> What to produce
The entries below contain a stretch that opens with the line containing "A h = 0 this" and closes with the line containing "head with the"; set down that stretch exactly, both ends included, and nothing else.

> Extracted information
+-------+
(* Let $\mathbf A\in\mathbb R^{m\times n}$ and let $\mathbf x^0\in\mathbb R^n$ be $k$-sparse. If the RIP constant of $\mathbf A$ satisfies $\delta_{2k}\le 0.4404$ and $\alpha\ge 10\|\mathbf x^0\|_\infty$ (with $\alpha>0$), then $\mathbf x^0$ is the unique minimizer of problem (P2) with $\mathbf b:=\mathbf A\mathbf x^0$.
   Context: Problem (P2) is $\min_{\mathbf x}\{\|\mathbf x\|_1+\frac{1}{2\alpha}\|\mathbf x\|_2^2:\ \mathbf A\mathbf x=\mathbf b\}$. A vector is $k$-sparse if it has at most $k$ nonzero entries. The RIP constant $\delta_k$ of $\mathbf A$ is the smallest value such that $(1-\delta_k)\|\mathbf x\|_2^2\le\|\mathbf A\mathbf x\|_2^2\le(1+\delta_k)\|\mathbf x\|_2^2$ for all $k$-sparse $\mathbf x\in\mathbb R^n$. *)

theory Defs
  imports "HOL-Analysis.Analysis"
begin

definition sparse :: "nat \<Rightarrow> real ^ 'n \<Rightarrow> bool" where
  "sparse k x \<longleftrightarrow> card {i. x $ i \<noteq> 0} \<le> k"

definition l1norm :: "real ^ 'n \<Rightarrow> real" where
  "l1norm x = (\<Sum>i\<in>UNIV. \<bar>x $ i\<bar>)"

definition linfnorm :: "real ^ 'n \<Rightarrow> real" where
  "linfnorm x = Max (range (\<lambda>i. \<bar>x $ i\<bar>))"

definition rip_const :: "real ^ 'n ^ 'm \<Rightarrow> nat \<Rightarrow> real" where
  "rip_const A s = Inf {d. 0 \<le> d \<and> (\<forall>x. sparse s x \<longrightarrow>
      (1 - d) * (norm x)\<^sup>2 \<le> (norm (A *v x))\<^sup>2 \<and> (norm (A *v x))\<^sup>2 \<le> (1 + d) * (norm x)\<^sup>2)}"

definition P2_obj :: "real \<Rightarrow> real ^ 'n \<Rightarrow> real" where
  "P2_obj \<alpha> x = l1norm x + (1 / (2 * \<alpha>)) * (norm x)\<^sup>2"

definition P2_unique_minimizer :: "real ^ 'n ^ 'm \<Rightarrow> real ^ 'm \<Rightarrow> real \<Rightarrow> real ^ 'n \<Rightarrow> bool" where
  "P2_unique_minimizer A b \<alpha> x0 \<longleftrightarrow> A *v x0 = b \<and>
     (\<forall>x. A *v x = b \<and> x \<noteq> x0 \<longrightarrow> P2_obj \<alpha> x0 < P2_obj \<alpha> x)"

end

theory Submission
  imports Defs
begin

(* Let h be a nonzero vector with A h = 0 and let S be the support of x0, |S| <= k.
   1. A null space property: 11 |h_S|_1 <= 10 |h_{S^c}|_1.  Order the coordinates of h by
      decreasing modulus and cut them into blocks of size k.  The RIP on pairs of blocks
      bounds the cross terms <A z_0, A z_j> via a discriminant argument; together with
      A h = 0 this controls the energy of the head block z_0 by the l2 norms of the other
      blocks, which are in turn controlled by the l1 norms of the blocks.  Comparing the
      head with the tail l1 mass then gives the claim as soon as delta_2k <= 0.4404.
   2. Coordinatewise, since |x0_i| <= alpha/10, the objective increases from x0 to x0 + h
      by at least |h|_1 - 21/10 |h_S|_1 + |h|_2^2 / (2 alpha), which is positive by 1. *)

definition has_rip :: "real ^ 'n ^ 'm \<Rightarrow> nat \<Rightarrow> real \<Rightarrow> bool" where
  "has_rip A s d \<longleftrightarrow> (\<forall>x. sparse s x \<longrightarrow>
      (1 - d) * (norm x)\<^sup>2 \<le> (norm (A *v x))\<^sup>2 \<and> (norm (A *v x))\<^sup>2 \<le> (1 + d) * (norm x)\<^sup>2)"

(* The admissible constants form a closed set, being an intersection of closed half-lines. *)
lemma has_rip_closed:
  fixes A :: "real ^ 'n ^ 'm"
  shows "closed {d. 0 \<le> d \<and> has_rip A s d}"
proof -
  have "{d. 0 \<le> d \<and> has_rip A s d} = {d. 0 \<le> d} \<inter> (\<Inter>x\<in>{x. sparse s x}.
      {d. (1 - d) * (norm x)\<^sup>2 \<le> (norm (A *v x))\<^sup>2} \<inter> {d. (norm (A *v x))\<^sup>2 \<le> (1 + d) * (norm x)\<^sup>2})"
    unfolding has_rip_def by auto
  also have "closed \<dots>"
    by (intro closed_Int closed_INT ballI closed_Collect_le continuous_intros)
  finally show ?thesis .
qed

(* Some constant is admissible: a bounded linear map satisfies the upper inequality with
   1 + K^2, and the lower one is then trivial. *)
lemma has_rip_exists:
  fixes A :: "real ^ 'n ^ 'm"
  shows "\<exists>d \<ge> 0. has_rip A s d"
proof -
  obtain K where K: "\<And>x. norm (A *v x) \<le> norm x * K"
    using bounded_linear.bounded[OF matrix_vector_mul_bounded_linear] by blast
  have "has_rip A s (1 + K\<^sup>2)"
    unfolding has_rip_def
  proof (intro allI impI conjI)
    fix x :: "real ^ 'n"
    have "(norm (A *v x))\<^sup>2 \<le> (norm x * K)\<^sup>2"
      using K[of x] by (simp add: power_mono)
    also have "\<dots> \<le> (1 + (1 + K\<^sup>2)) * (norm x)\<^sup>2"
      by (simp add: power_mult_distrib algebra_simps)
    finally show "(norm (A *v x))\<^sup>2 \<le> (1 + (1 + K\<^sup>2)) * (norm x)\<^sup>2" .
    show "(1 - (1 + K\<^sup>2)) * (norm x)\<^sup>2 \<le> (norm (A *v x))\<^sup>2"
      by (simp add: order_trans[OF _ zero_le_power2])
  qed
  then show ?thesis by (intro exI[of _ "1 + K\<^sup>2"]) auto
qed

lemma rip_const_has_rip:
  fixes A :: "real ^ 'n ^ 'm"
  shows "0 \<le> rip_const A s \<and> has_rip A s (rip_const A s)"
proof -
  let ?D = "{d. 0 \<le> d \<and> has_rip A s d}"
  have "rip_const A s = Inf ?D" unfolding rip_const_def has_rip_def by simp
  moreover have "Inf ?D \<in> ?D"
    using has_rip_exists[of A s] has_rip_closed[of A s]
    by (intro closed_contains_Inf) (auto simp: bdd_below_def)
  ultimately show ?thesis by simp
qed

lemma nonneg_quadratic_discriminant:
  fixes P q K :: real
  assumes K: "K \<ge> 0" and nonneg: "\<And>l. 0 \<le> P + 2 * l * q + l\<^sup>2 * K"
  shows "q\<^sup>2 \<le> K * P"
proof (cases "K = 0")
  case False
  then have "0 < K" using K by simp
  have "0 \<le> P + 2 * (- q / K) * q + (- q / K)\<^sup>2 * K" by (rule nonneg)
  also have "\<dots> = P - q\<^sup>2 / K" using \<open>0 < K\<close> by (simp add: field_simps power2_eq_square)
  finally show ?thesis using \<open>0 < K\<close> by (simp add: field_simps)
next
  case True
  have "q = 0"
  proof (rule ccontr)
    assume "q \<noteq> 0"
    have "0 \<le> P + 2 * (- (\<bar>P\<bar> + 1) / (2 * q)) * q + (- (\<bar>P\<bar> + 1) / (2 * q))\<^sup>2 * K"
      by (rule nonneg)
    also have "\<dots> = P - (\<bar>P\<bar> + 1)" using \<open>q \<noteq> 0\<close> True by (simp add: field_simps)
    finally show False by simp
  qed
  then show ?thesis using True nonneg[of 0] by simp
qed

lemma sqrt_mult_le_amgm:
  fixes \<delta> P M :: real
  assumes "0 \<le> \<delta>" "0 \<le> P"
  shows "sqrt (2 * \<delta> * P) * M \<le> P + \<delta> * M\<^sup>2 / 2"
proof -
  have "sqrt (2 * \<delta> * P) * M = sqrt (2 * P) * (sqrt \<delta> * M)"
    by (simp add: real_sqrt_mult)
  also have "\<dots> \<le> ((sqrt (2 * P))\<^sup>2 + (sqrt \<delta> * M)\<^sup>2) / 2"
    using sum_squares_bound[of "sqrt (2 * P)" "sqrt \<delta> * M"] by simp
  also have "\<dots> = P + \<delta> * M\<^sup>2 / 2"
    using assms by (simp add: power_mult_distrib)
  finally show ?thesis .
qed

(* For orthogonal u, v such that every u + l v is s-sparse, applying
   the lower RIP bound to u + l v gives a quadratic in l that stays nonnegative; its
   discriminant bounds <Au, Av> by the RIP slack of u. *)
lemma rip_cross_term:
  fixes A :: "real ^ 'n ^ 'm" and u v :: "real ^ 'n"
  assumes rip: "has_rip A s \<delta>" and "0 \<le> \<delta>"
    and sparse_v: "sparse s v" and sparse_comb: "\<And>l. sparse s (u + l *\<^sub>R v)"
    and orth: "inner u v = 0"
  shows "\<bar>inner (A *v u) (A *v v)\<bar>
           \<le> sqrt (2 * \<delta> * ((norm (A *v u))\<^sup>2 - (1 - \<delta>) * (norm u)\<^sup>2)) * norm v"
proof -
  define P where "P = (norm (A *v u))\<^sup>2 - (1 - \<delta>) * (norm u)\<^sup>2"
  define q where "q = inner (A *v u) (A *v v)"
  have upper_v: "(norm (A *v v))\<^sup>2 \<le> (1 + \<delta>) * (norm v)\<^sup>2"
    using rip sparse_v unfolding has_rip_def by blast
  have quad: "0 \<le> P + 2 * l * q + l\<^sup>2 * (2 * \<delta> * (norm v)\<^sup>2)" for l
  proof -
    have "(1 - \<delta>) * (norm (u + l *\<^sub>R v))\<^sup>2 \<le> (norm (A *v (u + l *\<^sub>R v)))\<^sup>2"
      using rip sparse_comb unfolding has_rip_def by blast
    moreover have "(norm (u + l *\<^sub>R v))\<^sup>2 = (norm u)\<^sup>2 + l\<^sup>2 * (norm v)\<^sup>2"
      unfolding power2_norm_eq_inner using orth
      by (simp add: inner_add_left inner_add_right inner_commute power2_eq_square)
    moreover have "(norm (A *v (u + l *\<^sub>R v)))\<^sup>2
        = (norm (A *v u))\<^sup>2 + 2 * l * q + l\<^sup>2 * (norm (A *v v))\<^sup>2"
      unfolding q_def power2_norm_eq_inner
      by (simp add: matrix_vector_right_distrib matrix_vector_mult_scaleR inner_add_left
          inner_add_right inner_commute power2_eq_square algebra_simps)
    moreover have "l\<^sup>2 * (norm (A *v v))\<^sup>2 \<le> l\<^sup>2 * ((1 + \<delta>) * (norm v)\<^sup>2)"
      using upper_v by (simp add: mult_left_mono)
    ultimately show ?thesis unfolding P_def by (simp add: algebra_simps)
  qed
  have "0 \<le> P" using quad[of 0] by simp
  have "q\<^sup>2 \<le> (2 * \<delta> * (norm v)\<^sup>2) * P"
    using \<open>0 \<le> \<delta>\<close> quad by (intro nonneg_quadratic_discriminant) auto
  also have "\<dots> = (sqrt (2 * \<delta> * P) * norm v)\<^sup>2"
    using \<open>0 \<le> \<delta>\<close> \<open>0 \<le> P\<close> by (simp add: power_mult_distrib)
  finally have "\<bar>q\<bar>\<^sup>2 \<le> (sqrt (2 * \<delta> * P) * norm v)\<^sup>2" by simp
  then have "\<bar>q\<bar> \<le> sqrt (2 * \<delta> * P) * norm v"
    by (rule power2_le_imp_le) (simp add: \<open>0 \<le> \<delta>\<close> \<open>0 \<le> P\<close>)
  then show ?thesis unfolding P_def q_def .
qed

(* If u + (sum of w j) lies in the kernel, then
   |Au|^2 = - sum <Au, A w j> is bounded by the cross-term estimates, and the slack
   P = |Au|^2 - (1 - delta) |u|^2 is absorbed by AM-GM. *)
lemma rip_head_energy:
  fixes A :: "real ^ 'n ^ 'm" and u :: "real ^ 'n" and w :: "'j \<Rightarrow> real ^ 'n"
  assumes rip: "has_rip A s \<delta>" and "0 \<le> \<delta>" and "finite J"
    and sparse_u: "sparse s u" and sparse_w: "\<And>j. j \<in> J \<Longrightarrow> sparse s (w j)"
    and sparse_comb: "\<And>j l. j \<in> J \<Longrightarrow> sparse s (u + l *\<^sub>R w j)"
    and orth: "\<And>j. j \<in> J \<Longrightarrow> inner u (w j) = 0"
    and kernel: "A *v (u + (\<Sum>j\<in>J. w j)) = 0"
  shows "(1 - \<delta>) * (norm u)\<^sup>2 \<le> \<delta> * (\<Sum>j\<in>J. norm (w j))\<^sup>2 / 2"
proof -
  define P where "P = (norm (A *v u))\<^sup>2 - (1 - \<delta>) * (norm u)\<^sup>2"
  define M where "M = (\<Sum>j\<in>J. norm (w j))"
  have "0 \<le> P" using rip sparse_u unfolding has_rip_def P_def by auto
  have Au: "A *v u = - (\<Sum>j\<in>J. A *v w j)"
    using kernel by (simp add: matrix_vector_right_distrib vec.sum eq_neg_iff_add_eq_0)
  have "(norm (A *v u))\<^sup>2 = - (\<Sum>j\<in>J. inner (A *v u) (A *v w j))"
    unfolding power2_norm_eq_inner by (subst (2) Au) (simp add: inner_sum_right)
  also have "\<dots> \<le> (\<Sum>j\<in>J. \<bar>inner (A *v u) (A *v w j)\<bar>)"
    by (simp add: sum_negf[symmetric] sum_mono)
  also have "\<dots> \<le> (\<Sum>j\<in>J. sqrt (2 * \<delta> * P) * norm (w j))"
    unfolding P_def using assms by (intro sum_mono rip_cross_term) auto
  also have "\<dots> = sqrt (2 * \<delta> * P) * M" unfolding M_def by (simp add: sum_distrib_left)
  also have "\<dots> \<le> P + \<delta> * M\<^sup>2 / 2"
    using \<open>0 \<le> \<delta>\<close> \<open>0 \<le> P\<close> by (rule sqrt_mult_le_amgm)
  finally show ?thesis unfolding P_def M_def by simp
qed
+-------+
> Finished task
      A h = 0 this controls the energy of the head block z_0 by the l2 norms of the other
      blocks, which are in turn controlled by the l1 norms of the blocks.  Comparing the
      head with the tail l1 mass then gives the claim as soon as delta_2k <= 0.4404.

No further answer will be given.